Parshas Korach

To This Week's Torah Thoughts

Holiness

Often people think: "If I were running things I would do a much better job". They do not realize that the One who is running the show is the One who created all solutions, yet decided to let events run a different course than they would have predicted.

Korach watched his cousins Moshe Rabbeinu, Aharon Hakohen, and finally Elizafan ben Uziel take the reins of leadership. He was not used to playing second fiddle, particularly not to a younger cousin like Elizafan. Instinctively, he felt that a serious injustice was being done to him and he decided to rectify it. In the passion of his jealousy, however, he forgot that our understanding of the things can be very limited. Even people as great as he, who saw prophetically that his descendants would be leaders, must remember that without knowing Everything, nothing can really be known absolutely. Only that which is divinely proclaimed is bound to happen; any additions and assumptions we add on are as frail as any human invention.

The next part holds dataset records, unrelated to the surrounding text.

text \<open>
  An avoider of length \<open>n \<ge> 2\<close> has one of three shapes: \<open>1(v+1)\<close> with \<open>v\<close> an avoider
  (the letter 1 occurs once); \<open>1(x+1)1(y+1)\<close> with \<open>xy\<close> an avoider of length \<open>n-2\<close>, \<open>x\<close>
  nonempty and \<open>y\<close> non-increasing (two 1s, the second letter is not 1; avoiding 1211 forbids
  a third 1 and avoiding 1123 forces \<open>y\<close> to be non-increasing); or a word \<open>1\<^sup>p 2\<dots>2\<close> over
  \<open>{1,2}\<close> with at most one further 1 (the second letter is 1).  The middle shape depends
  on the length \<open>d\<close> of the longest non-increasing suffix of \<open>xy\<close>, so we refine the count by
  a catalytic variable \<open>u\<close> marking \<open>d\<close>.  This gives a functional equation with kernel
  \<open>(1-t)(1-u) + t\<^sup>2u\<^sup>2\<close>.  Instead of working with bivariate series, \<open>u\<close> is taken to be an
  arbitrary power series in \<open>t\<close>: then every identity lives in \<open>real fps\<close>, and choosing for
  \<open>u\<close> the root of the kernel given by the square root in the statement eliminates the
  unknown refined series (kernel method).
\<close>

unbundle fps_syntax

subsection \<open>Restricted growth words and the two patterns\<close>

primrec rgf_from :: "nat \<Rightarrow> nat list \<Rightarrow> bool" where
  "rgf_from m [] = True"
| "rgf_from m (a # w) = (1 \<le> a \<and> a \<le> Suc m \<and> rgf_from (max m a) w)"

lemma rgf_from_iff:
  "rgf_from m w \<longleftrightarrow> (\<forall>i<length w. 1 \<le> w!i \<and> w!i \<le> Suc (Max (insert m (set (take i w)))))"
proof (induction w arbitrary: m)
  case Nil then show ?case by simp
next
  case (Cons a w)
  have "(\<forall>i<length (a#w). P i) \<longleftrightarrow> P 0 \<and> (\<forall>i<length w. P (Suc i))" for P
    by (auto simp: less_Suc_eq_0_disj)
  moreover have "Max (insert m (set (take (Suc i) (a#w)))) = Max (insert (max m a) (set (take i w)))" for i
    by (cases "set (take i w) = {}") (auto simp: insert_commute max.assoc max.commute)
  ultimately show ?case using Cons by simp
qed

lemma rgf_iff_rgf_from: "rgf w \<longleftrightarrow> rgf_from 0 w"
proof -
  have Max0: "Max (insert 0 (set (take (Suc i) w))) = Max (set (take (Suc i) w))"
    if "Suc i < length w" for i
  proof -
    have "set (take (Suc i) w) \<noteq> {}" using that by (cases w) auto
    then show ?thesis by (simp add: max_def)
  qed
  show ?thesis
  proof
    assume "rgf w"
    then have a: "\<forall>x\<in>set w. 1 \<le> x" "w \<noteq> [] \<longrightarrow> w!0 = 1"
      "\<forall>i. Suc i < length w \<longrightarrow> w ! Suc i \<le> Max (set (take (Suc i) w)) + 1"
      by (auto simp: rgf_def)
    show "rgf_from 0 w" unfolding rgf_from_iff
    proof (intro allI impI)
      fix i assume i: "i < length w"
      show "1 \<le> w!i \<and> w!i \<le> Suc (Max (insert 0 (set (take i w))))"
      proof (cases i)
        case 0 then show ?thesis using a i by auto
      next
        case (Suc j) then show ?thesis using a i Max0[of j] by auto
      qed
    qed
  next
    assume "rgf_from 0 w"
    then have h: "\<forall>i<length w. 1 \<le> w!i \<and> w!i \<le> Suc (Max (insert 0 (set (take i w))))"
      by (simp add: rgf_from_iff)
    have "\<forall>x\<in>set w. 1 \<le> x" using h by (auto simp: in_set_conv_nth)
    moreover have "w \<noteq> [] \<longrightarrow> w!0 = 1" using h[rule_format, of 0] by auto
    moreover have "\<forall>i. Suc i < length w \<longrightarrow> w ! Suc i \<le> Max (set (take (Suc i) w)) + 1"
      using h Max0 by auto
    ultimately show "rgf w" by (simp add: rgf_def)
  qed
qed

lemma rgf_from_values_1_2: "1 \<le> m \<Longrightarrow> set t \<subseteq> {1,2} \<Longrightarrow> rgf_from m t"
  by (induction t arbitrary: m) auto

lemma rgf_from_le_length: "rgf_from m w \<Longrightarrow> x \<in> set w \<Longrightarrow> x \<le> m + length w"
proof (induction w arbitrary: m)
  case (Cons a w)
  then show ?case by (auto dest!: Cons.IH)
qed simp

lemma rgf_from_pos: "rgf_from m w \<Longrightarrow> x \<in> set w \<Longrightarrow> 1 \<le> x"
  by (induction w arbitrary: m) auto

lemma rgf_from_append: "rgf_from m (xs @ ys) \<longleftrightarrow> rgf_from m xs \<and> rgf_from (fold max xs m) ys"
  by (induction xs arbitrary: m) (auto simp: max.commute)

lemma rgf_from_map_Suc: "\<forall>x\<in>set v. 1 \<le> x \<Longrightarrow> rgf_from (Suc m) (map Suc v) \<longleftrightarrow> rgf_from m v"
  by (induction v arbitrary: m) auto

lemma fold_max_map_Suc: "fold max (map Suc xs) (Suc m) = Suc (fold max xs m)"
  by (induction xs arbitrary: m) auto

lemma rgf_from_0_hd: "rgf_from 0 w \<Longrightarrow> w \<noteq> [] \<Longrightarrow> w ! 0 = 1"
  by (cases w) auto

lemma rgf_from_0_value_occurs:
  "rgf_from 0 w \<Longrightarrow> i < length w \<Longrightarrow> 1 \<le> d \<Longrightarrow> d \<le> w!i \<Longrightarrow> \<exists>r\<le>i. w!r = d"
proof (induction i rule: less_induct)
  case (less i)
  show ?case
  proof (cases "w!i = d")
    case True then show ?thesis by blast
  next
    case False
    define M where "M = Max (insert 0 (set (take i w)))"
    have "w!i \<le> Suc M" using less.prems(1,2) by (simp add: rgf_from_iff M_def)
    then have "d \<le> M" using False less.prems(4) by linarith
    then have "M \<noteq> 0" using less.prems(3) by linarith
    have "M \<in> insert 0 (set (take i w))" unfolding M_def by (rule Max_in) auto
    then have "M \<in> set (take i w)" using \<open>M \<noteq> 0\<close> by auto
    then obtain r where r: "r < length (take i w)" "take i w ! r = M" by (auto simp: in_set_conv_nth)
    then have "r < i" "w!r = M" "r < length w" using less.prems(2) by auto
    then obtain r' where "r' \<le> r" "w!r' = d" using less.IH[of r] less.prems \<open>d \<le> M\<close> by auto
    then show ?thesis using \<open>r < i\<close> by (intro exI[of _ r']) auto
  qed
qed

lemma subseq_indices:
  "subseq u w \<Longrightarrow>
     \<exists>idx. sorted_wrt (<) idx \<and> (\<forall>i\<in>set idx. i < length w) \<and> u = map (nth w) idx"
proof (induction rule: list_emb.induct)
  case (list_emb_Nil ys) then show ?case by (rule exI[of _ "[]"]) simp
next
  case (list_emb_Cons xs ys y)
  then obtain idx where "sorted_wrt (<) idx" "\<forall>i\<in>set idx. i < length ys" "xs = map (nth ys) idx"
    by blast
  then show ?case by (intro exI[of _ "map Suc idx"]) (auto simp: sorted_wrt_map)
next
  case (list_emb_Cons2 x y xs ys)
  then obtain idx where "sorted_wrt (<) idx" "\<forall>i\<in>set idx. i < length ys" "xs = map (nth ys) idx"
    by blast
  then show ?case using list_emb_Cons2.hyps
    by (intro exI[of _ "0 # map Suc idx"]) (auto simp: sorted_wrt_map)
qed

lemma subseq_map_nth:
  "sorted_wrt (<) idx \<Longrightarrow> \<forall>i\<in>set idx. i < length w \<Longrightarrow> subseq (map (nth w) idx) w"
proof (induction w arbitrary: idx)
  case Nil then show ?case by (cases idx) auto
next
  case (Cons y ys)
  have tail: "subseq (map (nth (y#ys)) r) ys"
    if "sorted_wrt (<) r" "\<forall>i\<in>set r. 0 < i \<and> i < length (y#ys)" for r
  proof -
    have eq: "map (nth (y#ys)) r = map (nth ys) (map (\<lambda>i. i - 1) r)" using that(2) by auto
    have "subseq (map (nth ys) (map (\<lambda>i. i - 1) r)) ys"
      using that by (intro Cons.IH) (auto simp: sorted_wrt_map intro!: sorted_wrt_mono_rel[of r "(<)"])
    then show ?thesis unfolding eq .
  qed
  show ?case
  proof (cases "0 \<in> set idx")
    case True
    then obtain r where r: "idx = 0 # r" using Cons.prems(1) by (cases idx) auto
    then show ?thesis using Cons.prems tail[of r] by auto
  next
    case False
    then have "\<forall>i\<in>set idx. 0 < i" by (metis neq0_conv)
    then show ?thesis using Cons.prems tail[of idx] by (auto intro: list_emb_Cons)
  qed
qed

lemma contains_length_4:
  assumes "length p = 4"
  shows "contains w p \<longleftrightarrow>
    (\<exists>i j k l. i < j \<and> j < k \<and> k < l \<and> l < length w \<and> order_iso [w!i, w!j, w!k, w!l] p)"
proof
  assume "contains w p"
  then obtain u where u: "subseq u w" "order_iso u p" by (auto simp: contains_def)
  obtain idx where idx: "sorted_wrt (<) idx" "\<forall>i\<in>set idx. i < length w" "u = map (nth w) idx"
    using subseq_indices[OF u(1)] by blast
  have "length idx = 4" using u(2) idx(3) assms by (simp add: order_iso_def)
  then have "idx = [idx!0, idx!1, idx!2, idx!3]"
    by (auto intro!: nth_equalityI simp: numeral_eq_Suc less_Suc_eq)
  then obtain i j k l where "idx = [i,j,k,l]" by blast
  then show "\<exists>i j k l. i < j \<and> j < k \<and> k < l \<and> l < length w \<and> order_iso [w!i, w!j, w!k, w!l] p"
    using idx u by auto
next
  assume "\<exists>i j k l. i < j \<and> j < k \<and> k < l \<and> l < length w \<and> order_iso [w!i, w!j, w!k, w!l] p"
  then obtain i j k l where h: "i < j" "j < k" "k < l" "l < length w"
    "order_iso [w!i, w!j, w!k, w!l] p" by blast
  have "subseq (map (nth w) [i,j,k,l]) w" using h by (intro subseq_map_nth) auto
  then show "contains w p" using h unfolding contains_def by auto
qed

definition has_1123 :: "nat list \<Rightarrow> bool" where
  "has_1123 w \<longleftrightarrow> (\<exists>i j k l. i < j \<and> j < k \<and> k < l \<and> l < length w \<and>
     w!i = w!j \<and> w!j < w!k \<and> w!k < w!l)"

definition has_1211 :: "nat list \<Rightarrow> bool" where
  "has_1211 w \<longleftrightarrow> (\<exists>i j k l. i < j \<and> j < k \<and> k < l \<and> l < length w \<and>
     w!i < w!j \<and> w!k = w!i \<and> w!l = w!i)"

lemma all_less_4: "(\<forall>i<Suc (Suc (Suc (Suc 0))). P i) \<longleftrightarrow> P 0 \<and> P 1 \<and> P 2 \<and> P 3"
  by (auto simp: numeral_eq_Suc less_Suc_eq)

lemma contains_1123_iff: "contains w [1,1,2,3] \<longleftrightarrow> has_1123 w"
proof -
  have "order_iso [a,b,c,d] [1,1,2,3] \<longleftrightarrow> a = b \<and> b < c \<and> c < d" for a b c d
    by (simp add: order_iso_def all_less_4) (auto simp: nth_Cons')
  then show ?thesis by (simp add: contains_length_4 has_1123_def)
qed

lemma contains_1211_iff: "contains w [1,2,1,1] \<longleftrightarrow> has_1211 w"
proof -
  have "order_iso [a,b,c,d] [1,2,1,1] \<longleftrightarrow> a < b \<and> c = a \<and> d = a" for a b c d
    by (simp add: order_iso_def all_less_4) (auto simp: nth_Cons')
  then show ?thesis by (simp add: contains_length_4 has_1211_def)
qed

Like all holiness, the Jewish People are patterned in the likeness of the human body. Just as the body has flesh covering its bones and skin covering the flesh, so does the Jewish People have Kohanim serving in the sanctuary and Leviim surrounding them. A person with flesh on the outside and skin on the inside cannot live.

Throughout the Parsha we find Moshe Rabbeinu humbling himself further and further, prostating to the ground before the Creator of the Universe, accepting His Will completely, and trying to placate his opponents. Finally, when he saw that this hideous skinless creature was determined to be born, he asked Hashem that Korach the inventor of this G-d forsaken non-entity, should cease to exist.

We can not invent new types of holiness. We can emulate the Creator's holiness and become G-dly, or we can separate ourselves and become nothing.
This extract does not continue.